Price action across major forex markets has been far more uncertain of late. The US dollar (USD) selling trend that has been a feature since the beginning of April is breaking and this is impacting across major pairs. The reason for this chink of light for the dollar bulls comes from the bond markets. However, much needs to happen for this broken downtrend to turn into a recovery.
A sideways range in Treasury yields is finally starting to support USD because soaring inflation expectations have eased.
We still watch for FOMC speakers for clues on when the Fed may look to taper asset purchases
We are watching key support levels on major pairs such as EUR/USD, GBP/USD and AUD/USD
Sideways yields now help to restrict USD selling
The turning point for the USD rally of Q1 came right at the beginning of April when the 10 year Treasury yield lost its upside traction. The reason was that inflation expectations kept on rising. Inflation expectations (as measured by the US 10year Breakeven Inflation rate) had also been rising through Q1, but not as fast as the US 10 year Treasury yield. This helped “real” yields (in other words, bond yields adjusted for inflation) higher, and helped to pull USD higher.
However, since April, with the 10 year yield ranging sideways as inflation continued higher, “real” yields have been falling. Subsequently, this has driven USD to trend lower. In the past few weeks though, as inflation expectations have levelled off, so have “real” yields and the USD selling pressure has begun to ease.
There is no sign yet that real yields will be moving significantly higher once more, but moving sideways they will continue to support USD.
Fed speakers watched for hawkish signals
The Federal Reserve is lagging other major central banks in moving away from the ultra-loose monetary policy. The Bank of Canada, the Bank of England and the Reserve Bank of New Zealand have all begun to shift hawkishly to some degree. This is why we have seen CAD, GBP and to a lesser extent NZD performing well since April. The Eurozone vaccine roll-out and subsequent improvement in economic data have also allowed EUR to perform well.
Meanwhile, we are still looking out for hints of a Fed move. There is an FOMC meeting on 16th June, but it is still likely to be too early for a formal move towards tapering. So we are on the lookout for hints from Fed speakers. Anything from voting members that is an overt sign of a push to discuss tapering could begin to move expectations of a rate hike.
The driver is still likely to be when we see improvements/tightening in the US labor market. However employment is still around -8m jobs below pre-pandemic levels and after Tuesday’s ISM Manufacturing data employment component showed barely any expansion, Friday’s Non-farm Payrolls report may struggle to reflect strong improvement in the labor market. We believe that it is still too early for the Fed to taper, so yields will just continue to move sideways for now.

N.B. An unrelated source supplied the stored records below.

(* For every finite alphabet $\Sigma$ with $|\Sigma|\ge1$, the minimum deterministic finite automaton over $\Sigma$ recognizing $L_{\mathrm{UNIQ}}$ has at least $2^{|\Sigma|-1}$ states.
   Context: Let $\Sigma$ be a finite alphabet and $\$\notin\Sigma$ a delimiter symbol; $\Sigma_\$=\Sigma\cup\{\$\}$. The bigram map $\Phi$ sends a string $z\in\$\Sigma^*\$$ to the vector $\Phi(z)\in\mathbb{N}^{\Sigma_\$^2}$ whose $(i,j)$ entry is the number of positions at which the two-letter string $ij$ occurs as a contiguous factor of $z$ (counting overlaps). $L_{\mathrm{UNIQ}}\subseteq\Sigma^*$ is the set of $w\in\Sigma^*$ such that the only $z\in\$\Sigma^*\$$ with $\Phi(z)=\Phi(\$w\$)$ is $z=\$w\$$ (this language is regular). *)

theory Defs
  imports Main
begin

text \<open>Alphabet: the finite type 'a (Sigma = UNIV). The extended alphabet
  Sigma_$ is 'a option, with None playing the role of the delimiter $.\<close>

definition delim :: "'a list \<Rightarrow> 'a option list" where
  "delim w = None # map Some w @ [None]"

definition bigram :: "'b list \<Rightarrow> 'b \<Rightarrow> 'b \<Rightarrow> nat" where
  "bigram z i j = card {k. Suc k < length z \<and> z ! k = i \<and> z ! Suc k = j}"

definition L_UNIQ :: "'a list set" where
  "L_UNIQ = {w. \<forall>v. bigram (delim v) = bigram (delim w) \<longrightarrow> v = w}"

definition dfa :: "'s set \<Rightarrow> ('s \<Rightarrow> 'a \<Rightarrow> 's) \<Rightarrow> 's \<Rightarrow> 's set \<Rightarrow> bool" where
  "dfa Q \<delta> q0 F \<longleftrightarrow> finite Q \<and> q0 \<in> Q \<and> F \<subseteq> Q \<and> (\<forall>q\<in>Q. \<forall>a. \<delta> q a \<in> Q)"

definition dfa_lang :: "('s \<Rightarrow> 'a \<Rightarrow> 's) \<Rightarrow> 's \<Rightarrow> 's set \<Rightarrow> 'a list set" where
  "dfa_lang \<delta> q0 F = {w. fold (\<lambda>a q. \<delta> q a) w q0 \<in> F}"

end

theory Submission
  imports Defs "HOL-Library.Multiset"
begin

text \<open>
  Proof idea (a fooling-set argument).  Fix a letter d and let U be the other letters.
  For every subset S of U pick a repetition-free enumeration x_S of S.  If c lies in S
  but not in T, then x_S @ [c,d,c] is not uniquely determined by its bigram vector
  (the two blocks between the last three occurrences of c can be swapped), while
  x_T @ [c,d,c] is (all letters but the last are distinct, so the word can be read off
  its bigrams letter by letter).  Hence the words x_S are pairwise distinguishable by
  L_UNIQ and any DFA for L_UNIQ has at least 2^|U| = 2^(|Sigma|-1) states.
\<close>

subsection \<open>Bigram vectors as multisets of adjacent pairs\<close>

fun pairs :: "'b list \<Rightarrow> ('b \<times> 'b) multiset" where
  "pairs (x # y # r) = add_mset (x, y) (pairs (y # r))"
| "pairs _ = {#}"

lemma bigram_Cons_Cons:
  "bigram (x # y # r) i j = (if x = i \<and> y = j then 1 else 0) + bigram (y # r) i j"
proof -
  define K where "K = {k. Suc k < length (y # r) \<and> (y # r) ! k = i \<and> (y # r) ! Suc k = j}"
  have split: "{k. Suc k < length (x # y # r) \<and> (x # y # r) ! k = i \<and> (x # y # r) ! Suc k = j}
        = (if x = i \<and> y = j then {0} else {}) \<union> Suc ` K"
  proof (rule set_eqI)
    fix k show "k \<in> {k. Suc k < length (x # y # r) \<and> (x # y # r) ! k = i \<and> (x # y # r) ! Suc k = j}
                \<longleftrightarrow> k \<in> (if x = i \<and> y = j then {0} else {}) \<union> Suc ` K"
      by (cases k) (auto simp: K_def)
  qed
  have "finite K" by (rule finite_subset[of _ "{..<length (y # r)}"]) (auto simp: K_def)
  then have "card ((if x = i \<and> y = j then {0} else {}) \<union> Suc ` K)
             = (if x = i \<and> y = j then 1 else 0) + card K"
    by (subst card_Un_disjoint) (auto simp: card_image)
  then show ?thesis unfolding bigram_def K_def[symmetric] split .
qed

lemma bigram_pairs: "bigram z i j = count (pairs z) (i, j)"
  by (induction z rule: pairs.induct) (auto simp: bigram_Cons_Cons, auto simp: bigram_def)

lemma bigram_eq_iff_pairs_eq: "bigram z = bigram z' \<longleftrightarrow> pairs z = pairs z'"
  by (auto intro!: multiset_eqI simp: bigram_pairs fun_eq_iff)

lemma size_pairs: "size (pairs z) = length z - 1"
  by (induction z rule: pairs.induct) auto

lemma pairs_append_Cons: "pairs (xs @ c # ys) = pairs (xs @ [c]) + pairs (c # ys)"
  by (induction xs rule: pairs.induct) auto

lemma pairs_swap_blocks:
  "pairs (xs @ c # ys @ c # zs @ c # ws) = pairs (xs @ c # zs @ c # ys @ c # ws)"
proof -
  have split: "pairs (c # ys @ c # zs) = pairs (c # ys @ [c]) + pairs (c # zs)" for ys zs
    using pairs_append_Cons[of "c # ys" c zs] by simp
  have "pairs (xs @ c # ys @ c # zs @ c # ws)
        = pairs (xs @ [c]) + (pairs (c # ys @ [c]) + (pairs (c # zs @ [c]) + pairs (c # ws)))"
    by (simp only: pairs_append_Cons[of xs c "ys @ c # zs @ c # ws"] split[of ys "zs @ c # ws"] split[of zs ws])
  moreover have "pairs (xs @ c # zs @ c # ys @ c # ws)
        = pairs (xs @ [c]) + (pairs (c # zs @ [c]) + (pairs (c # ys @ [c]) + pairs (c # ws)))"
    by (simp only: pairs_append_Cons[of xs c "zs @ c # ys @ c # ws"] split[of zs "ys @ c # ws"] split[of ys ws])
  ultimately show ?thesis by (simp only: add.left_commute)
qed

lemma bigram_eq_length:
  assumes "bigram z = bigram z'" "z \<noteq> []" "z' \<noteq> []"
  shows "length z = length z'"
proof -
  have "length z - 1 = length z' - 1"
    using assms(1) size_pairs[of z] size_pairs[of z'] by (simp add: bigram_eq_iff_pairs_eq)
  then show ?thesis using assms(2,3) by (simp add: Suc_diff_1 flip: length_greater_0_conv)
qed

lemma bigram_pos_iff: "0 < bigram z a b \<longleftrightarrow> (\<exists>k. Suc k < length z \<and> z ! k = a \<and> z ! Suc k = b)"
  unfolding bigram_def by (subst card_gt_0_iff) (auto intro: finite_subset[of _ "{..<length z}"])

subsection \<open>Reconstructing a list from its bigrams\<close>

text \<open>In z, the letter following any non-final position is determined by the letter at
  that position, except that an occurrence may additionally be followed by the end
  marker e.\<close>
definition next_determined :: "'b list \<Rightarrow> 'b \<Rightarrow> bool" where
  "next_determined z e \<longleftrightarrow>
     (\<forall>i k. Suc (Suc i) < length z \<longrightarrow> Suc k < length z \<longrightarrow> z ! k = z ! i \<longrightarrow>
            z ! Suc k \<noteq> e \<longrightarrow> z ! Suc k = z ! Suc i)"

lemma bigram_reconstruct:
  assumes eq: "bigram z = bigram z'" and len: "length z = length z'"
    and hd: "hd z = hd z'" and last: "last z = last z'"
    and interior: "\<forall>i. 0 < i \<longrightarrow> Suc i < length z \<longrightarrow> z ! i \<noteq> e"
    and det: "next_determined z' e"
  shows "z = z'"
proof (rule nth_equalityI[OF len])
  have step: "z ! Suc i = z' ! Suc i" if i: "Suc i < length z" and IH: "z ! i = z' ! i" for i
  proof (cases "Suc (Suc i) < length z")
    case False
    then have "Suc i = length z - 1" "Suc i = length z' - 1" using i len by linarith+
    then show ?thesis using last i len by (metis last_conv_nth list.size(3) not_less_zero)
  next
    case True
    have "0 < bigram z' (z' ! i) (z ! Suc i)"
      using bigram_pos_iff[of z] i IH eq by metis
    then obtain k where k: "Suc k < length z'" "z' ! k = z' ! i" "z' ! Suc k = z ! Suc i"
      by (auto simp: bigram_pos_iff)
    moreover have "z ! Suc i \<noteq> e" using interior True by blast
    ultimately show ?thesis using det True len unfolding next_determined_def by metis
  qed
  show "z ! i = z' ! i" if "i < length z" for i
    using that
  proof (induction i)
    case 0
    then show ?case using hd len by (metis hd_conv_nth list.size(3) not_less_zero)
  next
    case (Suc i)
    then show ?case using step by simp
  qed
qed

subsection \<open>Words that are and are not uniquely determined by their bigrams\<close>

lemma length_delim: "length (delim w) = length w + 2"
  by (simp add: delim_def)

lemma nth_delim:
  "i < length (delim w) \<Longrightarrow>
     delim w ! i = (if i = 0 \<or> i = Suc (length w) then None else Some (w ! (i - 1)))"
  by (auto simp: delim_def nth_append nth_Cons split: nat.splits)

lemma next_determined_delim:
  assumes "distinct (butlast w)"
  shows "next_determined (delim w) None"
  unfolding next_determined_def
proof (intro allI impI)
  fix i k
  assume i: "Suc (Suc i) < length (delim w)" and k: "Suc k < length (delim w)"
    and same: "delim w ! k = delim w ! i" and notN: "delim w ! Suc k \<noteq> None"
  have ik: "i < length w" "k < length w"
    using i k notN nth_delim[of "Suc k" w] by (auto simp: length_delim split: if_splits)
  have "k = i"
  proof (cases "i = 0 \<or> k = 0")
    case True
    then show ?thesis using same ik nth_delim[of k w] nth_delim[of i w]
      by (auto simp: length_delim split: if_splits)
  next
    case False
    then have "butlast w ! (k - 1) = butlast w ! (i - 1)"
      using same ik nth_delim[of k w] nth_delim[of i w] by (auto simp: length_delim nth_butlast)
    moreover have "k - 1 < length (butlast w)" "i - 1 < length (butlast w)"
      using False ik by auto
    ultimately have "k - 1 = i - 1" using nth_eq_iff_index_eq[OF assms] by blast
    then show ?thesis using False by linarith
  qed
  then show "delim w ! Suc k = delim w ! Suc i" by simp
qed

lemma distinct_butlast_in_L_UNIQ:
  assumes "distinct (butlast w)"
  shows "w \<in> L_UNIQ"
  unfolding L_UNIQ_def
proof (intro CollectI allI impI)
  fix v assume eq: "bigram (delim v) = bigram (delim w)"
  have "delim v = delim w"
  proof (rule bigram_reconstruct[OF eq _ _ _ _ next_determined_delim[OF assms]])
    show "length (delim v) = length (delim w)"
      by (rule bigram_eq_length[OF eq]) (auto simp: delim_def)
    show "\<forall>i. 0 < i \<longrightarrow> Suc i < length (delim v) \<longrightarrow> delim v ! i \<noteq> None"
      using nth_delim[of _ v] by (auto simp: length_delim)
  qed (auto simp: delim_def)
  then show "v = w" by (simp add: delim_def)
qed

lemma takeWhile_before:
  "c \<notin> set ys \<Longrightarrow> takeWhile (\<lambda>x. x \<noteq> c) (ys @ c # zs) = ys"
  by (induction ys) auto

text \<open>Swapping two distinct c-free blocks between three occurrences of c yields a
  different word with the same bigrams, so such a word is not in L_UNIQ.\<close>
lemma swappable_notin_L_UNIQ:
  assumes "c \<notin> set ys" "c \<notin> set zs" "ys \<noteq> zs"
  shows "xs @ c # ys @ c # zs @ c # ws \<notin> L_UNIQ"
proof -
  let ?w = "xs @ c # ys @ c # zs @ c # ws" and ?v = "xs @ c # zs @ c # ys @ c # ws"
  have "ys @ c # zs \<noteq> zs @ c # ys"
    using assms takeWhile_before[of c ys zs] takeWhile_before[of c zs ys] by metis
  then have differ: "?v \<noteq> ?w" by auto
  have "delim ?w = (None # map Some xs) @ Some c # map Some ys @ Some c # map Some zs
                     @ Some c # (map Some ws @ [None])"
    and "delim ?v = (None # map Some xs) @ Some c # map Some zs @ Some c # map Some ys
                     @ Some c # (map Some ws @ [None])"
    by (simp_all add: delim_def)
  then have "bigram (delim ?v) = bigram (delim ?w)"
    by (simp only: bigram_eq_iff_pairs_eq pairs_swap_blocks)
  with differ show ?thesis unfolding L_UNIQ_def by blast
qed

lemma repeated_letter_notin_L_UNIQ:
  assumes "c \<in> set xs" "d \<notin> set xs" "c \<noteq> d"
  shows "xs @ [c, d, c] \<notin> L_UNIQ"
proof -
  obtain p q where xs: "xs = p @ c # q" and "c \<notin> set q"
    using split_list_last[OF assms(1)] by blast
  moreover have "q \<noteq> [d]" using xs assms(2) by auto
  ultimately show ?thesis
    using swappable_notin_L_UNIQ[of c q "[d]" p "[]"] assms(3) by simp
qed

lemma fresh_letter_in_L_UNIQ:
  assumes "distinct xs" "c \<notin> set xs" "d \<notin> set xs" "c \<noteq> d"
  shows "xs @ [c, d, c] \<in> L_UNIQ"
  using assms by (intro distinct_butlast_in_L_UNIQ) (simp add: butlast_append)

subsection \<open>Lower bound for DFAs from distinguishable words\<close>

lemma dfa_run_in_states:
  assumes "dfa Q \<delta> q0 F" "q \<in> Q"
  shows "fold (\<lambda>a q. \<delta> q a) w q \<in> Q"
  using assms(2) by (induction w arbitrary: q) (use assms(1) in \<open>auto simp: dfa_def\<close>)

lemma dfa_card_ge_distinguishable:
  assumes dfa: "dfa Q \<delta> q0 F"
    and dist: "\<And>i j. i \<in> I \<Longrightarrow> j \<in> I \<Longrightarrow> i \<noteq> j \<Longrightarrow>
                 \<exists>z. (x i @ z \<in> dfa_lang \<delta> q0 F) \<noteq> (x j @ z \<in> dfa_lang \<delta> q0 F)"
  shows "card I \<le> card Q"
proof -
  define run where "run w = fold (\<lambda>a q. \<delta> q a) w q0" for w
  have "inj_on (run \<circ> x) I"
  proof (rule inj_onI, rule ccontr)
    fix i j assume "i \<in> I" "j \<in> I" "(run \<circ> x) i = (run \<circ> x) j" "i \<noteq> j"
    then show False using dist[of i j] by (auto simp: dfa_lang_def run_def)
  qed
  moreover have "(run \<circ> x) ` I \<subseteq> Q"
    using dfa_run_in_states[OF dfa] dfa by (auto simp: run_def dfa_def)
  ultimately show ?thesis using card_inj_on_le dfa by (metis dfa_def)
qed

theorem theorem3:
  fixes Q :: "'s set" and \<delta> :: "'s \<Rightarrow> 'a::finite \<Rightarrow> 's" and q0 :: 's and F :: "'s set"
  assumes "dfa Q \<delta> q0 F"
    and "dfa_lang \<delta> q0 F = (L_UNIQ :: 'a list set)"
  shows "card Q \<ge> 2 ^ (card (UNIV :: 'a set) - 1)"
proof -
  obtain d :: 'a where True by blast
  define U where "U = UNIV - {d}"
  define enum where "enum S = (SOME xs. distinct xs \<and> set xs = S)" for S :: "'a set"
  have enum: "distinct (enum S) \<and> set (enum S) = S" for S
    unfolding enum_def by (rule someI_ex) (use finite_distinct_list[of S] in auto)
  have "card (Pow U) \<le> card Q"
  proof (rule dfa_card_ge_distinguishable[OF assms(1), of _ enum])
    fix S T assume "S \<in> Pow U" "T \<in> Pow U" "S \<noteq> T"
    then obtain c where "c \<in> S \<and> c \<notin> T \<or> c \<in> T \<and> c \<notin> S" "c \<noteq> d" "d \<notin> S" "d \<notin> T"
      by (auto simp: U_def)
    then show "\<exists>z. (enum S @ z \<in> dfa_lang \<delta> q0 F) \<noteq> (enum T @ z \<in> dfa_lang \<delta> q0 F)"
      using repeated_letter_notin_L_UNIQ fresh_letter_in_L_UNIQ enum assms(2) by metis
  qed
  moreover have "card (Pow U) = 2 ^ (card (UNIV :: 'a set) - 1)"
    by (simp add: card_Pow U_def card_Diff_singleton)
  ultimately show ?thesis by simp
qed

end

Levels to watch on EUR/USD, GBP/USD and AUD/USD
In addition, on the charts, we are watching key levels to give us an indication of any building USD recovery.
On EUR/USD, twice in the past four completed sessions, we have seen the uptrend breached. This is being seen again today as the market edged lower in early moves. We are still watching the rising 21 day moving average (at 1.2173) as a basis of support. However, the key support is at 1.2130 and a close below would complete a small top pattern implying a retreat towards 1.2000 again.
On GBP/USD, we see the Relative Strength Index unwinding towards 50 again, but a move below 1.4090 would imply a near term corrective move. This could unwind Cable back towards the 1.4000 breakout support. The long term uptrend is rising around 1.3930 currently.
And finally, AUD/USD which has struggled for traction in recent months and again seems to be rolling over. A move below initial support at 0.7715 would open the multi-month lows again at 0.7675, with a breach of 0.7675 opening the key lows around 0.7530/0.7560.
There are signs of support building for USD. However, for a serious near term recovery to kick in, some key support levels need to be broken on major dollar pairs. Until then, it could be just a ranging market.